Your AI powered learning assistant

039. Блок. Лирика, второй том.

Инновационный стих, заклейменный как бессмыслица Писатели, которых теперь называют классиками, не всегда были приняты; первая книга Блока (1904) вызвала неоднозначные отклики. Модернисты оценили ее по достоинству, но многие читатели возмутились новым языком. Критик “Нового времени” высмеял строчку, позже вошедшую в цикл “Город”, назвав ее "рифмованной чепухой" и "откровенной белибердой" беспомощного графомана. То, что сейчас читается гладко — нестандартный ритм и рифма, — современникам казалось некомпетентностью.

От ослепительного света к Мужественному взгляду 6 июня 1911 года Блок объединил свои стихи в три тома и цикла, настаивая на том, что вне этой архитектуры стихотворение теряет часть своего смысла. Он описал все это как “трилогию очеловечивания”: от мгновения слишком яркого света через необходимый болотистый лес к отчаянию, проклятию и возмездию социального художника, который осмеливается взглянуть миру в лицо. Прочитанный как гегелевская триада, первый том утверждает идеал, второй отказывается от него, а третий ищет земной идеал в России. “Ужасный мир” вырастает из отчаяния второго тома, обращенного к этому мужественному взгляду.

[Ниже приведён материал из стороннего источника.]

theorem noisy_alg_excess_risk_le:
  fixes H :: "real^'d^'d" and q ts t0 :: "real^'d" and N :: nat
  assumes sym: "transpose H = H" and pd: "\<And>x. x \<noteq> 0 \<Longrightarrow> x \<bullet> (H *v x) > 0"
    and L: "\<And>\<mu> v. v \<noteq> 0 \<Longrightarrow> H *v v = \<mu> *\<^sub>R v \<Longrightarrow> \<mu> \<le> L"
    and Hts: "H *v ts = q" and a: "0 < a" "a \<le> 1 / L" and b: "0 \<le> b" "b \<le> 1 / L"
    and N: "N \<ge> 1"
  shows "expectation (\<lambda>\<omega>. quad_obj H q (noisy_alg H ts a b t0 (\<lambda>n. \<epsilon> n \<omega>) N)) - quad_obj H q ts
    \<le> 7 / (6 * a * (real N)\<^sup>2) * ((norm (t0 - ts))\<^sup>2 + trace C * (\<Sum>k=2..N. ((real k - 1) * a + b)\<^sup>2))"
proof -
  obtain B \<kappa> where B: "finite B" "pairwise orthogonal B" "span B = UNIV" "\<And>v. v \<in> B \<Longrightarrow> norm v = 1"
    and eig: "\<And>v. v \<in> B \<Longrightarrow> H *v v = \<kappa> v *\<^sub>R v"
    using symmetric_matrix_orthonormal_eigenbasis[OF sym] by blast
  define E where "E v k = expectation (\<lambda>\<omega>. (v \<bullet> \<epsilon> k \<omega>)\<^sup>2)" for v k
  define c where "c k = ((real k - 1) * a + b)\<^sup>2" for k :: nat
  have eigen_le: "\<kappa> v / (2 * (real N)\<^sup>2)
        * expectation (\<lambda>\<omega>. (real N * (v \<bullet> (noisy_alg H ts a b t0 (\<lambda>n. \<epsilon> n \<omega>) N - ts)))\<^sup>2)
      \<le> 7 / (6 * a * (real N)\<^sup>2) * ((v \<bullet> (t0 - ts))\<^sup>2 + (\<Sum>k=2..N. c k * E v k))"
    if "v \<in> B" for v
  proof -
    have "v \<noteq> 0" using B(4)[OF that] by auto
    note \<kappa> = positive_eigenvalue_bounds[OF pd[OF \<open>v \<noteq> 0\<close>] eig[OF that] L[OF \<open>v \<noteq> 0\<close> eig[OF that]]]
    have "\<kappa> v * expectation (\<lambda>\<omega>. (real N * (v \<bullet> (noisy_alg H ts a b t0 (\<lambda>n. \<epsilon> n \<omega>) N - ts)))\<^sup>2)
        / (2 * (real N)\<^sup>2) \<le> 7 / (3 * a) * ((v \<bullet> (t0 - ts))\<^sup>2 + (\<Sum>k=2..N. c k * E v k)) / (2 * (real N)\<^sup>2)"
      unfolding c_def E_def
      by (intro divide_right_mono noisy_alg_eigen_second_moment_le
          symmetric_matrix_eigenvector_inner[OF sym eig[OF that]] \<kappa>(1) \<kappa>(2)[OF a(2)] \<kappa>(2)[OF b(2)] a(1) b(1))
        simp
    thus ?thesis by (simp add: field_simps)
  qed
  have "expectation (\<lambda>\<omega>. quad_obj H q (noisy_alg H ts a b t0 (\<lambda>n. \<epsilon> n \<omega>) N)) - quad_obj H q ts
      = (\<Sum>v\<in>B. \<kappa> v / (2 * (real N)\<^sup>2)
          * expectation (\<lambda>\<omega>. (real N * (v \<bullet> (noisy_alg H ts a b t0 (\<lambda>n. \<epsilon> n \<omega>) N - ts)))\<^sup>2))"
    using expectation_quad_obj_noisy_alg[OF sym Hts N B eig] by simp
  also have "\<dots> \<le> (\<Sum>v\<in>B. 7 / (6 * a * (real N)\<^sup>2) * ((v \<bullet> (t0 - ts))\<^sup>2 + (\<Sum>k=2..N. c k * E v k)))"
    by (rule sum_mono) (rule eigen_le)
  also have "\<dots> = 7 / (6 * a * (real N)\<^sup>2)
      * ((\<Sum>v\<in>B. (v \<bullet> (t0 - ts))\<^sup>2) + (\<Sum>k=2..N. c k * (\<Sum>v\<in>B. E v k)))"
    by (simp add: sum_distrib_left sum.distrib sum.swap[of _ B] distrib_left mult_ac sum_divide_distrib)
  also have "(\<Sum>k=2..N. c k * (\<Sum>v\<in>B. E v k)) = trace C * (\<Sum>k=2..N. ((real k - 1) * a + b)\<^sup>2)"
    unfolding E_def c_def sum_distrib_left[of "trace C"]
    by (intro sum.cong) (simp_all add: noise_expectation_orthonormal_basis_sum[OF _ B] mult.commute)
  also have "(\<Sum>v\<in>B. (v \<bullet> (t0 - ts))\<^sup>2) = (norm (t0 - ts))\<^sup>2"
    using orthonormal_basis_norm_square[OF B(2,4,3,1)] by simp
  finally show ?thesis .
qed

end

section \<open>The rate for the tuned step size\<close>

lemma sum_shifted_squares:
  fixes c :: real
  shows "n \<ge> 1 \<Longrightarrow> (\<Sum>k\<in>{2..n}. (real k - 1 + c)\<^sup>2)
     = (real n - 1) * c\<^sup>2 + c * (real n - 1) * real n + (real n - 1) * real n * (2 * real n - 1) / 6"
proof (induction n rule: nat_induct_at_least)
  case base then show ?case by simp
next
  case (Suc n)
  have "{2..Suc n} = insert (Suc n) {2..n}" using Suc.hyps by (auto simp: atLeastAtMostSuc_conv)
  hence "(\<Sum>k\<in>{2..Suc n}. (real k - 1 + c)\<^sup>2) = (real n + c)\<^sup>2 + (\<Sum>k\<in>{2..n}. (real k - 1 + c)\<^sup>2)"
    by simp
  also have "\<dots> = (real n + c)\<^sup>2 + ((real n - 1) * c\<^sup>2 + c * (real n - 1) * real n + (real n - 1) * real n * (2 * real n - 1) / 6)"
    using Suc.IH by simp
  also have "\<dots> = (real (Suc n) - 1) * c\<^sup>2 + c * (real (Suc n) - 1) * real (Suc n) + (real (Suc n) - 1) * real (Suc n) * (2 * real (Suc n) - 1) / 6"
    by (simp add: power2_eq_square field_simps)
  finally show ?case .
qed

lemma sum_step_weights_square_le:
  fixes \<alpha> \<beta> :: real
  assumes N: "N \<ge> 1" and a: "0 \<le> \<alpha>" and b: "0 \<le> \<beta>" "\<beta> \<le> real N * \<alpha>"
  shows "(\<Sum>k\<in>{2..N}. ((real k - 1) * \<alpha> + \<beta>)\<^sup>2) \<le> \<alpha>\<^sup>2 * (7 / 3 * (real N)^3)"
proof -
  have "(\<Sum>k\<in>{2..N}. ((real k - 1) * \<alpha> + \<beta>)\<^sup>2) \<le> (\<Sum>k\<in>{2..N}. \<alpha>\<^sup>2 * (real k - 1 + real N)\<^sup>2)"
  proof (rule sum_mono)
    fix k assume k: "k \<in> {2..N}"
    have h0: "0 \<le> (real k - 1) * \<alpha> + \<beta>" using k a b by simp
    have "(real k - 1) * \<alpha> + \<beta> \<le> \<alpha> * (real k - 1 + real N)" using b by (simp add: algebra_simps)
    hence "((real k - 1) * \<alpha> + \<beta>)\<^sup>2 \<le> (\<alpha> * (real k - 1 + real N))\<^sup>2"
      using h0 by (intro power_mono) auto
    thus "((real k - 1) * \<alpha> + \<beta>)\<^sup>2 \<le> \<alpha>\<^sup>2 * (real k - 1 + real N)\<^sup>2" by (simp add: power_mult_distrib)
  qed
  also have "\<dots> = \<alpha>\<^sup>2 * (\<Sum>k\<in>{2..N}. (real k - 1 + real N)\<^sup>2)" by (simp add: sum_distrib_left)
  also have "(\<Sum>k\<in>{2..N}. (real k - 1 + real N)\<^sup>2) = (real N - 1) * real N * (14 * real N - 1) / 6"
    using sum_shifted_squares[OF N, of "real N"] by (simp add: power2_eq_square field_simps)
  also have "\<dots> \<le> 7 / 3 * (real N)^3"
  proof -
    have "0 \<le> real N" by simp
    hence "(real N - 1) * real N * (14 * real N - 1) \<le> 14 * (real N)^3"
      using N by (simp add: power3_eq_cube algebra_simps)
    thus ?thesis by linarith
  qed
  finally show ?thesis using a by (simp add: mult_left_mono)
qed

lemma min_step_size_bounds:
  fixes A L :: real
  assumes "0 < A" "0 < L"
  shows "0 < min A (1 / L)" "min A (1 / L) \<le> A" "1 / min A (1 / L) \<le> L + 1 / A"
  using assms by (auto simp: min_def)

lemma tuned_step_size_rate:
  fixes R S L \<alpha> \<beta> :: real and N :: nat
  assumes R: "0 < R" and S: "0 < S" and L: "0 < L" and N: "N \<ge> 1"
    and \<alpha>: "\<alpha> = min (R / (2 * S * real N powr (3/2))) (1 / L)"
    and \<beta>: "0 \<le> \<beta>" "\<beta> \<le> real N * \<alpha>"
  shows "7 / (6 * \<alpha> * (real N)\<^sup>2) * (R\<^sup>2 + S\<^sup>2 * (\<Sum>k=2..N. ((real k - 1) * \<alpha> + \<beta>)\<^sup>2))
    \<le> 2 * L * R\<^sup>2 / (real N)\<^sup>2 + 4 * S * R / sqrt (real N)"
proof -
  define u where "u = sqrt (real N)"
  define A where "A = R / (2 * S * u ^ 3)"
  have u0: "0 < u" "real N = u\<^sup>2" using N by (simp_all add: u_def)
  hence u: "0 < u" "real N = u\<^sup>2" "(real N)\<^sup>2 = u ^ 4" by (simp_all add: power_mult[symmetric])
  have "real N powr (3/2) = real N * real N powr (1/2)"
    using N powr_add[of "real N" 1 "1/2"] by simp
  hence "real N powr (3/2) = u ^ 3" using N by (simp add: powr_half_sqrt u_def power3_eq_cube)
  hence \<alpha>A: "0 < \<alpha>" "\<alpha> \<le> A" "1 / \<alpha> \<le> L + 1 / A"
    using min_step_size_bounds[of A L] R S L u unfolding \<alpha> A_def by simp_all
  have "7 / (6 * \<alpha> * (real N)\<^sup>2) * (R\<^sup>2 + S\<^sup>2 * (\<Sum>k=2..N. ((real k - 1) * \<alpha> + \<beta>)\<^sup>2))
      \<le> 7 / (6 * \<alpha> * (real N)\<^sup>2) * (R\<^sup>2 + S\<^sup>2 * (\<alpha>\<^sup>2 * (7 / 3 * (real N) ^ 3)))"
    using sum_step_weights_square_le[OF N _ \<beta>] \<alpha>A(1)
    by (intro mult_left_mono add_left_mono) (auto intro: mult_left_mono)
  also have "\<dots> = 7 * R\<^sup>2 / (6 * u ^ 4) * (1 / \<alpha>) + 49 / 18 * S\<^sup>2 * u\<^sup>2 * \<alpha>"
    using \<alpha>A(1) u unfolding u(2) by (simp add: field_simps power2_eq_square power3_eq_cube)
  also have "\<dots> \<le> 7 * R\<^sup>2 / (6 * u ^ 4) * (L + 1 / A) + 49 / 18 * S\<^sup>2 * u\<^sup>2 * A"
    using \<alpha>A u by (intro add_mono mult_left_mono) auto
  also have "\<dots> = 7 / 6 * (L * R\<^sup>2 / u ^ 4) + 133 / 36 * (S * R / u)"
    using R S u unfolding A_def
    by (simp add: field_simps power2_eq_square power3_eq_cube eval_nat_numeral)
  also have "\<dots> \<le> 2 * (L * R\<^sup>2 / u ^ 4) + 4 * (S * R / u)"
    using L R S u by (intro add_mono mult_right_mono) auto
  also have "\<dots> = 2 * L * R\<^sup>2 / (real N)\<^sup>2 + 4 * S * R / sqrt (real N)"
    unfolding u(3) u_def[symmetric] by simp
  finally show ?thesis .
qed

Пузыри Земли: Элементаль по ту сторону добра и зла Второй том открывается “Пузырями земли”, фразой из "Макбета", и провозглашает свою главную тему: стихия — снежная буря, болото или демонические волны современного города. Стихийная сила находится за пределами морального осуждения; она просто есть, и с ней нужно считаться. Этот ракурс проясняет начало "Двенадцати" — черный вечер, белый снег, ветер по всему миру, — где революция предстает как элемент. Если вспомнить эту позицию, то многое становится понятным.

От мистического "Ты" к дионисической жизни Мистический идеал отступает: заглавное “Ты” почти исчезает, уступая место многогранной жизни, о которой говорилось уже во "Введении". Блок изучает противопоставление аполлонического и дионисийского у Ницше и, с присущей ему музыкальностью, склоняется к ночной, иррациональной музыкальной стихии. Между 1904 и 1908 годами стихи наполнены дурными предчувствиями — русско‑японской войны и первой революции, — часто переходящими в Страшный суд и Апокалипсис. Катастрофа ощущается как неизбежная.

Балаганчик: Картонная жизнь и преданные идеалы "Балаганчик" (1905-1907) показывает жизнь и мистические ожидания как картонный театр: картонная невеста, клюквенный сок вместо крови, картонный меч. Союзники почувствовали неприятие мистицизма первой книги; Белый считал, что Блок предал свои собственные светлые заветы. И все же, проклиная то, что он когда-то восхвалял, он продолжает восхвалять, раскрывая центральный парадокс своего символизма. Балаган с куклами демонстрирует наивность и крах прежнего мифа.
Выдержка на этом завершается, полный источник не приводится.